What the task asks:
For the entries below, print exactly the lines between the line holding "h \<bullet> y" and the line holding "using independent_bound[OF indep]", inclusive, and nothing else.
******
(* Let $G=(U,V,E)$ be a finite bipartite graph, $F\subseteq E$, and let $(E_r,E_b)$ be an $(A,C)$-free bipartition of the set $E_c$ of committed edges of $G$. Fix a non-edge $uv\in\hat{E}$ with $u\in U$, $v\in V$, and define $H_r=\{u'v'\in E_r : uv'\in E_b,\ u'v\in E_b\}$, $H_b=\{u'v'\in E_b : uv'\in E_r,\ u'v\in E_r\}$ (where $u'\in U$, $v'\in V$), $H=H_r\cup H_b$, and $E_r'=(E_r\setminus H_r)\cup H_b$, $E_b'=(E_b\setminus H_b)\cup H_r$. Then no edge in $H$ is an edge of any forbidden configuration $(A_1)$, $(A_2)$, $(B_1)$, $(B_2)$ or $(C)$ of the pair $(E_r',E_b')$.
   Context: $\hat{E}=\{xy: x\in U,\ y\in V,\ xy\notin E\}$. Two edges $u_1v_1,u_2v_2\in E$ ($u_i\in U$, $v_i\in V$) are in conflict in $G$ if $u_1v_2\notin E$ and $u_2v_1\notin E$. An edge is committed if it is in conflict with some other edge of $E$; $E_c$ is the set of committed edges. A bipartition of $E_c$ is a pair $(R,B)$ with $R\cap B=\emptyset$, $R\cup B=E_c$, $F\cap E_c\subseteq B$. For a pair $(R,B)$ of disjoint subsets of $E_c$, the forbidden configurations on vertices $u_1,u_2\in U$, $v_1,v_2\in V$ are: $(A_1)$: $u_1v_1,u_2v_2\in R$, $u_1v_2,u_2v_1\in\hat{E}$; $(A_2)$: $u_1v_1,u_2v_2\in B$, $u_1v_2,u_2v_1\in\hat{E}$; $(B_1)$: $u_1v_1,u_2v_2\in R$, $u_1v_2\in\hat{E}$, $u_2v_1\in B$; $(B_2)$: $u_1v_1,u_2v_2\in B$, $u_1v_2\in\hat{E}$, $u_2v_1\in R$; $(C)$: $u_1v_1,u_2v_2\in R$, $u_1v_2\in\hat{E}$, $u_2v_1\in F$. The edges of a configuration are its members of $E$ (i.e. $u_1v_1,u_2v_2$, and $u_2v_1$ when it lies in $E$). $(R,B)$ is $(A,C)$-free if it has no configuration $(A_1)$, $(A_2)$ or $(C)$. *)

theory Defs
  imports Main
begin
******
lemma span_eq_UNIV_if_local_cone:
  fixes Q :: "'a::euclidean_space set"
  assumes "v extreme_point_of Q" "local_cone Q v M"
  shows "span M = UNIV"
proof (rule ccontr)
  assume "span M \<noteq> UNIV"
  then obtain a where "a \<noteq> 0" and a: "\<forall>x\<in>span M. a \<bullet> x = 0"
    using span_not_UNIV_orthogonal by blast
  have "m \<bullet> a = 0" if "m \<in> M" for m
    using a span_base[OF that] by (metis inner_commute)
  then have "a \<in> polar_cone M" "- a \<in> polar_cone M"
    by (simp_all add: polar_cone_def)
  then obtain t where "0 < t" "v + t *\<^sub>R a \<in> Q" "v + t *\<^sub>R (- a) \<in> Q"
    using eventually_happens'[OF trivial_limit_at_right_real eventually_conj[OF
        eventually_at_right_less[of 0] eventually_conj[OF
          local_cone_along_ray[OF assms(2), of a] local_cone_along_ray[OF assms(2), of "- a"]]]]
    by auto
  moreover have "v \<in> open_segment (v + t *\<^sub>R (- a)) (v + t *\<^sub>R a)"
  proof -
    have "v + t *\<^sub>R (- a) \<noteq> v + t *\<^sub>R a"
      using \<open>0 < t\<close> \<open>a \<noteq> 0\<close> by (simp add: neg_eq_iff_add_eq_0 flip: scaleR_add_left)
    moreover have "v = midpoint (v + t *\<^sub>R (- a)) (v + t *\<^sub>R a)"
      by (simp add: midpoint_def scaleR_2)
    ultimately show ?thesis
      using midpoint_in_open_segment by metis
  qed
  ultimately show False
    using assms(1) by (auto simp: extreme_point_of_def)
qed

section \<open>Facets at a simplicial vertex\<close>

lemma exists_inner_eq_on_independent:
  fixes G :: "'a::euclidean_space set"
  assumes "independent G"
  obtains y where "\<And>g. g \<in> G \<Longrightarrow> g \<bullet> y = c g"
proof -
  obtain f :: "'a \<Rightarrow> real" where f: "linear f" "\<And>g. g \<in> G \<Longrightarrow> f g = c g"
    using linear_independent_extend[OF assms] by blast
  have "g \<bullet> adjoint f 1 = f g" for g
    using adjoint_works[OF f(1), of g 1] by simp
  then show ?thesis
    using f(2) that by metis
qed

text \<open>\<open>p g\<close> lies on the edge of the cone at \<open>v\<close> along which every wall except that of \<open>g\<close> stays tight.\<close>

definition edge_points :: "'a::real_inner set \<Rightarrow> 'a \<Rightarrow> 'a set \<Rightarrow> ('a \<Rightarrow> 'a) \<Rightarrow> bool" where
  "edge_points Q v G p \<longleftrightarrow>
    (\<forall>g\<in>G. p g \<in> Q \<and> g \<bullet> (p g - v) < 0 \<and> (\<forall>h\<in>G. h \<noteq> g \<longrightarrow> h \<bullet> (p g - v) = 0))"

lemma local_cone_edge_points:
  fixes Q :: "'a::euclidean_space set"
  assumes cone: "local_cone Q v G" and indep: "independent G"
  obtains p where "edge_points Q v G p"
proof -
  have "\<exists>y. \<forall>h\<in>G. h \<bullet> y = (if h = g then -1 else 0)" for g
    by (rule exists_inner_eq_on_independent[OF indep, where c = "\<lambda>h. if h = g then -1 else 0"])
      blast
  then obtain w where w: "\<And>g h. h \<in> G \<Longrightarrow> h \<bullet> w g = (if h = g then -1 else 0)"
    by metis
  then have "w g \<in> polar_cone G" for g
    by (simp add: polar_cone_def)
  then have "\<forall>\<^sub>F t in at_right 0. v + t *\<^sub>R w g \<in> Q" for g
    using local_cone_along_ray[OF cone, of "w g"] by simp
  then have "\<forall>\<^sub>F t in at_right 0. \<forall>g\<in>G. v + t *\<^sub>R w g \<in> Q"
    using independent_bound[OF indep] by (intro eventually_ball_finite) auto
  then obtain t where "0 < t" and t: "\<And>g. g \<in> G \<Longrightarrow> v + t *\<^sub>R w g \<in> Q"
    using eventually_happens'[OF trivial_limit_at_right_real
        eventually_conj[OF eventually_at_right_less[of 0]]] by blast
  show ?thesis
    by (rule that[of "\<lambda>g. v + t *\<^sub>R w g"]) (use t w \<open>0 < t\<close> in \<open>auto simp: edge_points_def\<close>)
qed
******
Solution below:
  have "\<exists>y. \<forall>h\<in>G. h \<bullet> y = (if h = g then -1 else 0)" for g
    by (rule exists_inner_eq_on_independent[OF indep, where c = "\<lambda>h. if h = g then -1 else 0"])
      blast
  then obtain w where w: "\<And>g h. h \<in> G \<Longrightarrow> h \<bullet> w g = (if h = g then -1 else 0)"
    by metis
  then have "w g \<in> polar_cone G" for g
    by (simp add: polar_cone_def)
  then have "\<forall>\<^sub>F t in at_right 0. v + t *\<^sub>R w g \<in> Q" for g
    using local_cone_along_ray[OF cone, of "w g"] by simp
  then have "\<forall>\<^sub>F t in at_right 0. \<forall>g\<in>G. v + t *\<^sub>R w g \<in> Q"
    using independent_bound[OF indep] by (intro eventually_ball_finite) auto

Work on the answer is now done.